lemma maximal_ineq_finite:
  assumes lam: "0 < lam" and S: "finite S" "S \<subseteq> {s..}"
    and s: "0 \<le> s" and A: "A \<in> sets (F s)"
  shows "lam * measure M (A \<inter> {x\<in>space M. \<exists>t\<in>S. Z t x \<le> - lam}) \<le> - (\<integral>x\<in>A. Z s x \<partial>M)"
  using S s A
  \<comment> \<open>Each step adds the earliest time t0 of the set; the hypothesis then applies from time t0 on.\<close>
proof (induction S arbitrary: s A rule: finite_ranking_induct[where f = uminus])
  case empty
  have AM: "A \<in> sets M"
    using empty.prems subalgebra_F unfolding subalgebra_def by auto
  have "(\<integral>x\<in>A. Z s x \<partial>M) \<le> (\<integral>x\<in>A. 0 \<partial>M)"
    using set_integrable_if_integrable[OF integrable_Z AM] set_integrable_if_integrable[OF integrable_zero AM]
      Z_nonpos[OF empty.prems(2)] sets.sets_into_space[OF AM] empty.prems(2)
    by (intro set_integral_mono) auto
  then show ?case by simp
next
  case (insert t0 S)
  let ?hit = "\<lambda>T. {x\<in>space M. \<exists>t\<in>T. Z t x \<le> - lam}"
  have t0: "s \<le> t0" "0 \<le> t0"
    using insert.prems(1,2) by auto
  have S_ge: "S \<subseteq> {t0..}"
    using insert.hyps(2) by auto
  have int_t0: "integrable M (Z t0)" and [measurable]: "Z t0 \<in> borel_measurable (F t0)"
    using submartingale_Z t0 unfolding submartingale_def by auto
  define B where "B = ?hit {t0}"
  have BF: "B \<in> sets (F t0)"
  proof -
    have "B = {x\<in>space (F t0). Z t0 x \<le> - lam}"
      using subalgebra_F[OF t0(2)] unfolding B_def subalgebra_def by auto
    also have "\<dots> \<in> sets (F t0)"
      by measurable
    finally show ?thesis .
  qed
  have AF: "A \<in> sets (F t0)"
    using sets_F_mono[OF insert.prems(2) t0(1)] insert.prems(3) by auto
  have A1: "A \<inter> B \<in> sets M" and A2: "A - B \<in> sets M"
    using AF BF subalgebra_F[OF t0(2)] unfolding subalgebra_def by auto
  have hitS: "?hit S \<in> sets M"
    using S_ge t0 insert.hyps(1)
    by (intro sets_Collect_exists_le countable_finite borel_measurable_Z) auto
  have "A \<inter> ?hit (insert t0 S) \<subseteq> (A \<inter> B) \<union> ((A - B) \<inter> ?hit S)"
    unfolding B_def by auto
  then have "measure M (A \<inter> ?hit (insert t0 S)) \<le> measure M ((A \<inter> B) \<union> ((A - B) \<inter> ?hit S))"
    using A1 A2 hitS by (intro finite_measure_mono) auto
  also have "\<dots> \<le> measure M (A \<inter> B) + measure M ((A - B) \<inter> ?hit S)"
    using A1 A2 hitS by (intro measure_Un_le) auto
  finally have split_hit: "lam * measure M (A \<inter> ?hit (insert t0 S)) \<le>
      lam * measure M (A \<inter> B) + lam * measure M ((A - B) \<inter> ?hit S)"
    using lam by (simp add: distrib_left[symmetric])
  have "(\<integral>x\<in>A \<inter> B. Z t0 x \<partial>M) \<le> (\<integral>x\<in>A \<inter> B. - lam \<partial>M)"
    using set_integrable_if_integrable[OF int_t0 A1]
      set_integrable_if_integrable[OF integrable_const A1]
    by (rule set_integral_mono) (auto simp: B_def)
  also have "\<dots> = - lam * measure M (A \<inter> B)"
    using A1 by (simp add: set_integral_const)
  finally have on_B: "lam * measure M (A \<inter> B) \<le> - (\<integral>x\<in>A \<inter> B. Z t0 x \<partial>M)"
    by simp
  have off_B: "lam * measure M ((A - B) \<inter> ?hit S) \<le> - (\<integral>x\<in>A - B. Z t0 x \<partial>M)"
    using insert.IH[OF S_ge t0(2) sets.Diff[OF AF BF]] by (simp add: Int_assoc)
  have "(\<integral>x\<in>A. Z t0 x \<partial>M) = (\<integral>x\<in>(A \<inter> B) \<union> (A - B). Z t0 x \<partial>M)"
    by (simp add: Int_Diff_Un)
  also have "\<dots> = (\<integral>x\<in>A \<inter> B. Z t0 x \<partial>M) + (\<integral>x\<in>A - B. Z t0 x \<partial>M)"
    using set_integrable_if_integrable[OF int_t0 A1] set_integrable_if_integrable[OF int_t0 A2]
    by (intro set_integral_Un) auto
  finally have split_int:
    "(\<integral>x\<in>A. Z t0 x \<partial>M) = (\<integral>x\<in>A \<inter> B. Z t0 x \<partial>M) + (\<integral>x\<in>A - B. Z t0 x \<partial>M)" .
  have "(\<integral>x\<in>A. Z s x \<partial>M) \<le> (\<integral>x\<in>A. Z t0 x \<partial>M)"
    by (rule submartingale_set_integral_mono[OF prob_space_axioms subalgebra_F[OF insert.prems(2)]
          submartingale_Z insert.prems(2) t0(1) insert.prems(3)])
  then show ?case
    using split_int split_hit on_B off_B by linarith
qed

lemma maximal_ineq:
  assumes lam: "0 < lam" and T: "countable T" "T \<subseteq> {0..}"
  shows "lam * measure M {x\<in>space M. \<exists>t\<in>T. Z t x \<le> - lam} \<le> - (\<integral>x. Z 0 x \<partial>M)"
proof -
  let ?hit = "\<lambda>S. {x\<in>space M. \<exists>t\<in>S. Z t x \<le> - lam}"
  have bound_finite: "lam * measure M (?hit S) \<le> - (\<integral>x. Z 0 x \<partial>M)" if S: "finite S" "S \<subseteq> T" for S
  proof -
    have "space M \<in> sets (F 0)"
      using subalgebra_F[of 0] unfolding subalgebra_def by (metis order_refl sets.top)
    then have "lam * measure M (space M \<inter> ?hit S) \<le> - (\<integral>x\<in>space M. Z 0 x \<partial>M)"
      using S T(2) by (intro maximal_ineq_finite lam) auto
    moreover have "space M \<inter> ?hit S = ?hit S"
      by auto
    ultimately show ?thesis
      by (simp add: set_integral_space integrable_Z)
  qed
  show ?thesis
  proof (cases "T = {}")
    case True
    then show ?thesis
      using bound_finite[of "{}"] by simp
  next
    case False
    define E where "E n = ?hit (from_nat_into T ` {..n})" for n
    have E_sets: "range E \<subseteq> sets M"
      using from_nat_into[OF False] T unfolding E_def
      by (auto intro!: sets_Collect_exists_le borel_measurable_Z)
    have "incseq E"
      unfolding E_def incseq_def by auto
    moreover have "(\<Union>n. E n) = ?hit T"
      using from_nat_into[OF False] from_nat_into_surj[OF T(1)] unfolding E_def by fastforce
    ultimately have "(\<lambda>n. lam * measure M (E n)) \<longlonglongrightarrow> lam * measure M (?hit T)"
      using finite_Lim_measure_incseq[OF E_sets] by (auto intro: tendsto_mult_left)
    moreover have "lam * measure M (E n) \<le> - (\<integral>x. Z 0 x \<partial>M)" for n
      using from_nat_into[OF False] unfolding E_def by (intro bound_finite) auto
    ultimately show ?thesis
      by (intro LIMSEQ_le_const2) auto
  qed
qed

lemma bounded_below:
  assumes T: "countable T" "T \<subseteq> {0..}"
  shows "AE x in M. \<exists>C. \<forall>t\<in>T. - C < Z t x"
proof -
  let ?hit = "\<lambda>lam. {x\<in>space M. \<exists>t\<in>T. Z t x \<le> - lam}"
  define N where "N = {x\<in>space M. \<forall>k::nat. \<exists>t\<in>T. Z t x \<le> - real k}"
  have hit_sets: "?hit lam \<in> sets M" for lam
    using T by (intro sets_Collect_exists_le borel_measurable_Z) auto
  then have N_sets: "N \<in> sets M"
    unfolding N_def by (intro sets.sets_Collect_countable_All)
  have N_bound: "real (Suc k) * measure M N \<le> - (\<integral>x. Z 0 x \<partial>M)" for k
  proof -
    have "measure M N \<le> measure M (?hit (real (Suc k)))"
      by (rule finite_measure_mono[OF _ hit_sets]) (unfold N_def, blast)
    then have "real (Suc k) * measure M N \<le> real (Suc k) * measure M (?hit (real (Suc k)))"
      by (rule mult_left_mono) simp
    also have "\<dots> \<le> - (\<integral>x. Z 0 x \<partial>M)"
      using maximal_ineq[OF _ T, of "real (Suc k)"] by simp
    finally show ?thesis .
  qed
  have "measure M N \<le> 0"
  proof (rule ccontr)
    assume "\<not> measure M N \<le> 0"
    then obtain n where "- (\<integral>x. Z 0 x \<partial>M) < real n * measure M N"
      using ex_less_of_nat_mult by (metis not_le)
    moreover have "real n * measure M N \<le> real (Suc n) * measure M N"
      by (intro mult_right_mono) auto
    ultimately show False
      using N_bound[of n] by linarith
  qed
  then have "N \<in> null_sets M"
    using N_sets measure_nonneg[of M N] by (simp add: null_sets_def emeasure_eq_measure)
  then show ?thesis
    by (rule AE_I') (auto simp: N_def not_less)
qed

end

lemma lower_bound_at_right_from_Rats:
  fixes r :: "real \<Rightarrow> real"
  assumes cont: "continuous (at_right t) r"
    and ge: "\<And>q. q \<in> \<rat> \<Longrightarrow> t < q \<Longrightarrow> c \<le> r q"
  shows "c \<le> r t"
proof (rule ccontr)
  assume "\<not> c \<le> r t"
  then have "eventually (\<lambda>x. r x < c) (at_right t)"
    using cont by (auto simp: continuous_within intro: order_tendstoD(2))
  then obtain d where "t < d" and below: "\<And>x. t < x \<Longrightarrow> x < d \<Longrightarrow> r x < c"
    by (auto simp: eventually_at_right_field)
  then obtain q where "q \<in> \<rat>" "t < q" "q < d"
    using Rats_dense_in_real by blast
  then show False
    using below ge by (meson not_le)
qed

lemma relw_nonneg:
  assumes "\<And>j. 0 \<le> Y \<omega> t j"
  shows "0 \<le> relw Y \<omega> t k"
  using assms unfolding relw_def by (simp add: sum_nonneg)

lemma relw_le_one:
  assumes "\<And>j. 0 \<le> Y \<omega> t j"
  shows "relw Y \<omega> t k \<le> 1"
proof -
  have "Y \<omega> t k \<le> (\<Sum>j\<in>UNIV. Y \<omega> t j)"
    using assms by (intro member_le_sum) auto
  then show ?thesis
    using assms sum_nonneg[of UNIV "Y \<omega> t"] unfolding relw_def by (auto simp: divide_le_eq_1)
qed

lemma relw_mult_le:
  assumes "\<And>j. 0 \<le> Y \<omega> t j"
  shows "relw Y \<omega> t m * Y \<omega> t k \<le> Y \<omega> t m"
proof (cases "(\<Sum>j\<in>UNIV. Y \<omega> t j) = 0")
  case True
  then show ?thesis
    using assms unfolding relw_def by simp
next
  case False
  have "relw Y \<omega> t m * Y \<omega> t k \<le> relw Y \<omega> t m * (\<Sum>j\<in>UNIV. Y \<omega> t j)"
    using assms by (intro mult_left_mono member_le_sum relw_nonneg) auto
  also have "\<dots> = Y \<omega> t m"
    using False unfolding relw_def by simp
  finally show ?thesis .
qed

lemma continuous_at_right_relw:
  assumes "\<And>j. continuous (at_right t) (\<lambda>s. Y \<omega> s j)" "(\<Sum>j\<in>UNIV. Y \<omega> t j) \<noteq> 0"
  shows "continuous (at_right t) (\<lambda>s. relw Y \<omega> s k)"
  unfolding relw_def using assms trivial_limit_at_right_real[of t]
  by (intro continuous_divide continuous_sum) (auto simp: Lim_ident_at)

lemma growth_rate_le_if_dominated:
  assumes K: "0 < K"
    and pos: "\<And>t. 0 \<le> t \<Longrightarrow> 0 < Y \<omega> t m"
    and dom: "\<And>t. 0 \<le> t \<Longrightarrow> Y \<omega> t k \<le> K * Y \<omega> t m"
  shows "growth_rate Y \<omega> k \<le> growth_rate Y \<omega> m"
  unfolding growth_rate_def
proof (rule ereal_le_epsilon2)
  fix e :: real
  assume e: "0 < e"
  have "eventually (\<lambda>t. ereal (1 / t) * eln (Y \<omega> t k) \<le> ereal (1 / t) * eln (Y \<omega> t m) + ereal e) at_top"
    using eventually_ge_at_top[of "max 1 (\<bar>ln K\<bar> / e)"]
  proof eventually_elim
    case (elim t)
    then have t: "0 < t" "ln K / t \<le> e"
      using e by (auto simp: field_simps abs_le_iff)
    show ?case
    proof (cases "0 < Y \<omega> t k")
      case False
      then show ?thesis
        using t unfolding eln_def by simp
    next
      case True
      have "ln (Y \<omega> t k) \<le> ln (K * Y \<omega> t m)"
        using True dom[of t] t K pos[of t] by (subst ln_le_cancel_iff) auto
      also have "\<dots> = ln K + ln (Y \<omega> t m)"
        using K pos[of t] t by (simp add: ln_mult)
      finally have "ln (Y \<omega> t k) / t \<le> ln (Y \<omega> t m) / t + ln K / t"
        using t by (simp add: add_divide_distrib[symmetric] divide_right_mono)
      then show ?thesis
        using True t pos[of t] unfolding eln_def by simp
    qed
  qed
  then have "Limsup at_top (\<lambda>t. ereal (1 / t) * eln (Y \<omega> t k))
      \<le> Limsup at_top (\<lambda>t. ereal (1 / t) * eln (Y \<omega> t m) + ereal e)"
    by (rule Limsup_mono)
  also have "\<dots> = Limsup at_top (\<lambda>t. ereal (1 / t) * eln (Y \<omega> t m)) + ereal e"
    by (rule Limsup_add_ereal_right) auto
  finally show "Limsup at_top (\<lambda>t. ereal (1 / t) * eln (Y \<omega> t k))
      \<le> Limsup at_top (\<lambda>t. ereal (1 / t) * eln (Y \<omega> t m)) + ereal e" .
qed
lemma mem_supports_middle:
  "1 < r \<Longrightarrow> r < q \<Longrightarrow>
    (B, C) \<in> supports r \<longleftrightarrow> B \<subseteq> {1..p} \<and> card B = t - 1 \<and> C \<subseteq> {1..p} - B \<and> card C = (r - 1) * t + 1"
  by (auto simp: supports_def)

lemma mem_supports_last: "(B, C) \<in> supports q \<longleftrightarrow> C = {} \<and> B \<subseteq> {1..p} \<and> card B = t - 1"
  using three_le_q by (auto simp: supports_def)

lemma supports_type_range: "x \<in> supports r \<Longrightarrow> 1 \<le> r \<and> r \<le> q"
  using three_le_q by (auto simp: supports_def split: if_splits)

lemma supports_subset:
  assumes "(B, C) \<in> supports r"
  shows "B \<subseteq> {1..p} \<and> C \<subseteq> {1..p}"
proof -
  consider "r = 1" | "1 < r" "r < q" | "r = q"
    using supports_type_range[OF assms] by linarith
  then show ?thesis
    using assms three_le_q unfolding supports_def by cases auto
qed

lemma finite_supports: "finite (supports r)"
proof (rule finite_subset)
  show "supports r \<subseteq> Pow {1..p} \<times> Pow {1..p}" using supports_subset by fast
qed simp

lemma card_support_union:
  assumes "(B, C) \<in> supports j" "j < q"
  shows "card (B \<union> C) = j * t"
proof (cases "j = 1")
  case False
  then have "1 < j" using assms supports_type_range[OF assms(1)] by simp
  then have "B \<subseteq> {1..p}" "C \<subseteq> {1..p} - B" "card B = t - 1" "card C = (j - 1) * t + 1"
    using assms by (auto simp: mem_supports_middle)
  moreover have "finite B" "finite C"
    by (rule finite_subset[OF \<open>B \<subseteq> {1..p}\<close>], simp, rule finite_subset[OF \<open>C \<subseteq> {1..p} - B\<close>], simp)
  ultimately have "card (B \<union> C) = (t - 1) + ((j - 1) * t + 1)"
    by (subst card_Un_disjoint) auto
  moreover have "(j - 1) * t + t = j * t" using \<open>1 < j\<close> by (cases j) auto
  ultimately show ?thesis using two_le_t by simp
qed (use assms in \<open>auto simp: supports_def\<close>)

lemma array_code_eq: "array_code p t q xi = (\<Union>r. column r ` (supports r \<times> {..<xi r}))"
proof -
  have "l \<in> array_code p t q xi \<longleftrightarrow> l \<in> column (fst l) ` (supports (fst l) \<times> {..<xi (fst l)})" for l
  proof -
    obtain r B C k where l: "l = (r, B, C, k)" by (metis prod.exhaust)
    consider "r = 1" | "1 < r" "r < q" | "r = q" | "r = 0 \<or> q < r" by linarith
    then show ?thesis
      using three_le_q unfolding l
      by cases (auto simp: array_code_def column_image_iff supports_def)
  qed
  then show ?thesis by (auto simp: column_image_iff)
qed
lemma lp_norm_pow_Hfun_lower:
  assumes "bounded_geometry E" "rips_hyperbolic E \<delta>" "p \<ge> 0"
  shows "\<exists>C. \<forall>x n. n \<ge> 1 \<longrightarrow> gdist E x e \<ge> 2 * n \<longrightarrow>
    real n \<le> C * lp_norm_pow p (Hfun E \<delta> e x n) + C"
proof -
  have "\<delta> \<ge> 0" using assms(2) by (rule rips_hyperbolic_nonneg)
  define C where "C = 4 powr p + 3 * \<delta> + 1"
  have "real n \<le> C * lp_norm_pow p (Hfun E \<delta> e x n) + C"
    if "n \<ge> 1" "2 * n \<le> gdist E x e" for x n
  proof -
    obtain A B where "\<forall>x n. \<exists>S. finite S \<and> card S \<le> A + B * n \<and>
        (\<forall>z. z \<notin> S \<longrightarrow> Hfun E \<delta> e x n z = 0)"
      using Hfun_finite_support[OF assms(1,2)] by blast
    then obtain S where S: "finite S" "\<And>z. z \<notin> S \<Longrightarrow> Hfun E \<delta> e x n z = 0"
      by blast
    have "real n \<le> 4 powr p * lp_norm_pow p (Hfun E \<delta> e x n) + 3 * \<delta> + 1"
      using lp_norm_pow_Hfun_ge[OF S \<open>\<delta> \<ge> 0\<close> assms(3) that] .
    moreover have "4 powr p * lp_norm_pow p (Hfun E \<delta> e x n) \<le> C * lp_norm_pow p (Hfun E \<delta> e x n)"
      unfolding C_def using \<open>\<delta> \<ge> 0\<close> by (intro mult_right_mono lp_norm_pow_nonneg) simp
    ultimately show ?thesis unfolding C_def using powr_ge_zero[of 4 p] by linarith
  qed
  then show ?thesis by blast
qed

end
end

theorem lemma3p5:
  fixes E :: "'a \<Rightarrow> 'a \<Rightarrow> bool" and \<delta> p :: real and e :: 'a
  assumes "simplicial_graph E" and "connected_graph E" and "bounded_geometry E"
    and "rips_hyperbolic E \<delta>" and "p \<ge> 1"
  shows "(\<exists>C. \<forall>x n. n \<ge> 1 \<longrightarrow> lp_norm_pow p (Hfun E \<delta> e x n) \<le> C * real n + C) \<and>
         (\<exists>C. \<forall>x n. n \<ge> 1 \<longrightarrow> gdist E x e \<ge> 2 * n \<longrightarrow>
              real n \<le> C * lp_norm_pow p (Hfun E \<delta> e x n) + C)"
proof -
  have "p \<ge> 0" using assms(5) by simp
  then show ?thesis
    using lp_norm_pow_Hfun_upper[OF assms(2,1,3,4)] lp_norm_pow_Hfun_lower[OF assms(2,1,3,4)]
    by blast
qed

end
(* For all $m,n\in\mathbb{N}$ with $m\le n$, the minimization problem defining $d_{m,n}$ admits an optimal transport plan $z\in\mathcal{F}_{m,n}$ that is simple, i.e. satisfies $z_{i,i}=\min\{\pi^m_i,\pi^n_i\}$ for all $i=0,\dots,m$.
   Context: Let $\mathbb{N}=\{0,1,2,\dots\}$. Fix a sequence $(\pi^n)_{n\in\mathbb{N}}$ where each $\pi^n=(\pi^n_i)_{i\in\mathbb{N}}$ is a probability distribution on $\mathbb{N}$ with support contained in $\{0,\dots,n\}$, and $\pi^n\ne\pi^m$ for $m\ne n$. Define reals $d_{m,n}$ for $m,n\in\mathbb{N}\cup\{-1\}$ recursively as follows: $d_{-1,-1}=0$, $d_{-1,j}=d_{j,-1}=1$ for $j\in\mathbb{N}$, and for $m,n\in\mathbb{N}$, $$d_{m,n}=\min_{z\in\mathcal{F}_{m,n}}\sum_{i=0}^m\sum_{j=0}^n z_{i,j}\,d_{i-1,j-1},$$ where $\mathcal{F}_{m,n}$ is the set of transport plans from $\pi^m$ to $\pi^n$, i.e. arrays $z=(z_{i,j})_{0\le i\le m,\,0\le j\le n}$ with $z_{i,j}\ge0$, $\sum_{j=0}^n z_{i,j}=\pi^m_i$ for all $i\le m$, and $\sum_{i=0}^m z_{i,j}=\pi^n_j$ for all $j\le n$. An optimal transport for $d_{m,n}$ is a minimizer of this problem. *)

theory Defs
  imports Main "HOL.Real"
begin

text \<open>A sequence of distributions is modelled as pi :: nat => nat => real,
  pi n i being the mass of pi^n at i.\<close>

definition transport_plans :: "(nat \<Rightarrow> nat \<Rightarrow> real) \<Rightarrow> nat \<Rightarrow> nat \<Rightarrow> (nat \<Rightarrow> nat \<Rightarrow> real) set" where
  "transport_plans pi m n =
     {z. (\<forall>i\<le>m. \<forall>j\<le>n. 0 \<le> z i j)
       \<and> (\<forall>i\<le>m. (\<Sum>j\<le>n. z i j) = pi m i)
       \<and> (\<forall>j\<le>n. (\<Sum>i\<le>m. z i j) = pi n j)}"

__Your goal__: Copy exactly the stretch of data above from the line with "fix e :: real" through the line with "ln K + ln (Y", and omit all other lines.

__Output of the task__:
  fix e :: real
  assume e: "0 < e"
  have "eventually (\<lambda>t. ereal (1 / t) * eln (Y \<omega> t k) \<le> ereal (1 / t) * eln (Y \<omega> t m) + ereal e) at_top"
    using eventually_ge_at_top[of "max 1 (\<bar>ln K\<bar> / e)"]
  proof eventually_elim
    case (elim t)
    then have t: "0 < t" "ln K / t \<le> e"
      using e by (auto simp: field_simps abs_le_iff)
    show ?case
    proof (cases "0 < Y \<omega> t k")
      case False
      then show ?thesis
        using t unfolding eln_def by simp
    next
      case True
      have "ln (Y \<omega> t k) \<le> ln (K * Y \<omega> t m)"
        using True dom[of t] t K pos[of t] by (subst ln_le_cancel_iff) auto
      also have "\<dots> = ln K + ln (Y \<omega> t m)"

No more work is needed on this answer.